The Byzantine Empire lasted for over a thousand years with the center always at Constantinople, except between 1204 and 1261, when it was centered in the capitals of Nicaea, Trebizond, and Arta. The city was seen as the "Capital of the World" because of its prime trading position in the center of the medieval world. This privileged position continued even as the capital of the Ottoman Empire. The city was also the center of half of the Christian world as the seat of the Patriarch of the Eastern Orthodox church. Thus as the world center for commerce, diplomacy, religion, education, it could well have been said that during the city's heyday, Constantinople was indeed the capital of the world. Napoleon Bonaparte is quoted as saying, "If the Earth were a single state, Constantinople would be its capital." Today, the city's name is Istanbul.

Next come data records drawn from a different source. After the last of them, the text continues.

text \<open>Submodularity of dimension, with an arbitrary part \<open>Z\<close> of the intersection of the spans
  in place of \<open>X \<inter> Y\<close>: extend a basis of \<open>Z\<close> to bases of \<open>span X\<close> and \<open>span Y\<close>.\<close>

lemma dim_Un_add_dim_le:
  assumes "finite X" "finite Y" "Z \<subseteq> span X" "Z \<subseteq> span Y"
  shows "dim (X \<union> Y) + dim Z \<le> dim X + dim Y"
proof -
  obtain B where B: "B \<subseteq> Z" "independent B" "Z \<subseteq> span B" "card B = dim Z"
    using basis_exists by blast
  obtain C where C: "B \<subseteq> C" "C \<subseteq> span X" "independent C" "span X \<subseteq> span C"
    using maximal_independent_subset_extend[OF subset_trans[OF B(1) assms(3)] B(2)] by blast
  obtain D where D: "B \<subseteq> D" "D \<subseteq> span Y" "independent D" "span Y \<subseteq> span D"
    using maximal_independent_subset_extend[OF subset_trans[OF B(1) assms(4)] B(2)] by blast
  have C_fin: "finite C" and C_card: "card C \<le> dim X"
    using independent_in_span_bound[OF assms(1) C(3,2)] by auto
  have D_fin: "finite D" and D_card: "card D \<le> dim Y"
    using independent_in_span_bound[OF assms(2) D(3,2)] by auto
  have "X \<union> Y \<subseteq> span (C \<union> D)"
    using C(4) D(4) span_superset[of X] span_superset[of Y] span_mono[of C "C \<union> D"]
      span_mono[of D "C \<union> D"] by blast
  then have "dim (X \<union> Y) \<le> card (C \<union> D)"
    by (rule dim_le_card) (simp add: C_fin D_fin)
  moreover have "card B \<le> card (C \<inter> D)"
    using C(1) D(1) C_fin by (intro card_mono) auto
  ultimately show ?thesis
    using card_Un_Int[OF C_fin D_fin] C_card D_card B(4) by linarith
qed

lemma span_UN_span: "span (\<Union>j\<in>A. span (G j)) = span (\<Union>j\<in>A. G j)"
proof
  have "(\<Union>j\<in>A. span (G j)) \<subseteq> span (\<Union>j\<in>A. G j)"
    by (intro UN_least span_mono) blast
  then show "span (\<Union>j\<in>A. span (G j)) \<subseteq> span (\<Union>j\<in>A. G j)"
    by (rule span_minimal[OF _ subspace_span])
  show "span (\<Union>j\<in>A. G j) \<subseteq> span (\<Union>j\<in>A. span (G j))"
    by (intro span_mono UN_mono span_superset) auto
qed

lemma exists_functional_separating:
  assumes "finite U" "v \<notin> span U"
  shows "\<exists>\<phi>. Vector_Spaces.linear scale (*) \<phi> \<and> (\<forall>u\<in>span U. \<phi> u = 0) \<and> \<phi> v = 1"
proof -
  interpret scalars: vector_space_pair scale "(*) :: 'a \<Rightarrow> 'a \<Rightarrow> 'a"
    by (intro vector_space_pair.intro vector_space_axioms) (unfold_locales, simp_all add: algebra_simps)
  obtain A where A: "A \<subseteq> U" "independent A" "U \<subseteq> span A" "card A = dim U"
    using basis_exists by blast
  have "v \<notin> span A"
    using assms(2) span_mono[OF A(1)] by blast
  then have "independent (insert v A)" "v \<notin> A"
    using independent_insertI[OF _ A(2)] span_base[of v A] by auto
  then obtain \<phi> where \<phi>: "Vector_Spaces.linear scale (*) \<phi>"
    "\<forall>x\<in>insert v A. \<phi> x = (if x = v then 1 else 0)"
    using scalars.linear_independent_extend[of "insert v A" "\<lambda>x. if x = v then 1 else 0"] by blast
  have "\<phi> u = 0" if "u \<in> span U" for u
  proof (rule scalars.linear_eq_0_on_span[OF \<phi>(1)])
    show "u \<in> span A"
      using that span_mono[OF A(3)] span_span[of A] by blast
    show "\<phi> x = 0" if "x \<in> A" for x
      using that \<phi>(2) \<open>v \<notin> A\<close> by auto
  qed
  moreover have "\<phi> v = 1"
    using \<phi>(2) by simp
  ultimately show ?thesis
    using \<phi>(1) by blast
qed

end

interpretation fs: vector_space "fscale :: 'a::field \<Rightarrow> (nat \<Rightarrow> 'a) \<Rightarrow> _"
  by unfold_locales (auto simp: fscale_def fun_eq_iff algebra_simps)

interpretation functional: vector_space_pair "fscale :: 'a::field \<Rightarrow> (nat \<Rightarrow> 'a) \<Rightarrow> _" "(*)"
  by unfold_locales (simp_all add: algebra_simps)

lemma sum_apply: "sum f A t = (\<Sum>a\<in>A. f a t)"
  by (induct A rule: infinite_finite_induct) auto

lemma fscale_apply: "fscale a v t = a * v t"
  by (simp add: fscale_def)
theorem gabor_lin_indep_if_E_hyp:
  assumes hyp: "E_hyp f P"
    and shifts: "\<And>b b'. b \<in> snd ` \<Lambda> \<Longrightarrow> b' \<in> snd ` \<Lambda> \<Longrightarrow> b < b' \<Longrightarrow> b' - b \<in> P"
  shows "gabor_lin_indep f \<Lambda>"
  unfolding gabor_lin_indep_def
proof (intro allI impI notI)
  fix F :: "(real \<times> real) set" and c :: "real \<times> real \<Rightarrow> complex"
  assume "finite F \<and> F \<subseteq> \<Lambda> \<and> (\<exists>p\<in>F. c p \<noteq> 0)"
    and AE0: "AE x in lebesgue. (\<Sum>p\<in>F. c p * MT (fst p) (snd p) f x) = 0"
  then obtain p0 where F: "finite F" "F \<subseteq> \<Lambda>" and p0: "p0 \<in> F" "c p0 \<noteq> 0"
    by auto
  define U where "U = shift_coeff F c"
  define Bs where "Bs = {b \<in> snd ` F. U b \<noteq> (\<lambda>_. 0)}"
  define b1 where "b1 = Max Bs"
  have "finite Bs"
    using F(1) by (simp add: Bs_def)
  moreover have "snd p0 \<in> Bs"
    using shift_coeff_nonzero[of F p0 c] F(1) p0 by (simp add: Bs_def U_def)
  ultimately have b1: "b1 \<in> Bs" "\<And>b. b \<in> Bs \<Longrightarrow> b \<le> b1"
    unfolding b1_def by (auto intro: Max_in)
  have "\<not> (AE x in lebesgue. (\<Sum>b\<in>Bs. U b x * f (x - b)) = 0)"
  proof (rule not_AE_shift_sum_eq_0[OF hyp \<open>finite Bs\<close> b1(1)])
    show "b1 - b \<in> P" if "b \<in> Bs" "b \<noteq> b1" for b
      using that b1 F(2) by (intro shifts) (auto simp: Bs_def order.strict_iff_order)
    show "trig_poly (U b1)"
      unfolding U_def using F(1) by (rule trig_poly_shift_coeff)
    show "U b1 \<noteq> (\<lambda>_. 0)"
      using b1(1) by (simp add: Bs_def)
    show "cmod (U b x) \<le> 1 + (\<Sum>p\<in>F. cmod (c p))" for b x
      using norm_shift_coeff_le[OF F(1)] by (simp add: U_def add_increasing)
  qed (simp add: add_pos_nonneg sum_nonneg)
  moreover have "AE x in lebesgue. (\<Sum>b\<in>Bs. U b x * f (x - b)) = 0"
    using AE0 gabor_sum_by_shift[OF F(1), of c Bs] by (simp add: Bs_def U_def)
  ultimately show False
    by contradiction
qed

theorem theorem3p1:
  fixes f :: "real \<Rightarrow> complex"
  assumes "f \<in> borel_measurable lebesgue"
  shows "(E_hyp f {0<..} \<longrightarrow> gabor_lin_indep f UNIV)
    \<and> (\<forall>b::real. b > 0 \<and> E_hyp f {b * real n | n. n \<ge> 1}
           \<longrightarrow> gabor_lin_indep f (UNIV \<times> {b * real_of_int k | k. True}))"
proof (intro conjI allI impI)
  assume "E_hyp f {0<..}"
  then show "gabor_lin_indep f UNIV"
    by (rule gabor_lin_indep_if_E_hyp) auto
next
  fix b :: real
  assume b: "b > 0 \<and> E_hyp f {b * real n | n. n \<ge> 1}"
  show "gabor_lin_indep f (UNIV \<times> {b * real_of_int k | k. True})"
  proof (rule gabor_lin_indep_if_E_hyp[OF conjunct2[OF b]])
    fix x y
    assume "x \<in> snd ` (UNIV \<times> {b * real_of_int k | k. True})"
      and "y \<in> snd ` (UNIV \<times> {b * real_of_int k | k. True})" and "x < y"
    then obtain k k' :: int where "x = b * k" "y = b * k'" and "k < k'"
      using b by (auto simp: mult_less_cancel_left_pos)
    then have "y - x = b * real (nat (k' - k))" "nat (k' - k) \<ge> 1"
      by (simp_all add: algebra_simps)
    then show "y - x \<in> {b * real n | n. n \<ge> 1}"
      by blast
  qed
qed

end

The capital of the British Empire was London - though the empire has since passed, London is one of the world's leading business, financial, and cultural centres, and its influence in politics, education, technology, entertainment, media, fashion and the arts all contribute to its status as a major global city. Many of the world's largest corporations have their headquarters in London, the city taking a central role as a part of the wider global economy. In addition London in time and on maps is on the Prime Meridian, running directly through Greenwich (also known as the Greenwich Meridian), with its time zone as GMT+0 (UTC+0). The decision made at the International Meridian Conference was due to the dominance of the British Empire; for logistical reasons, and , the position remains.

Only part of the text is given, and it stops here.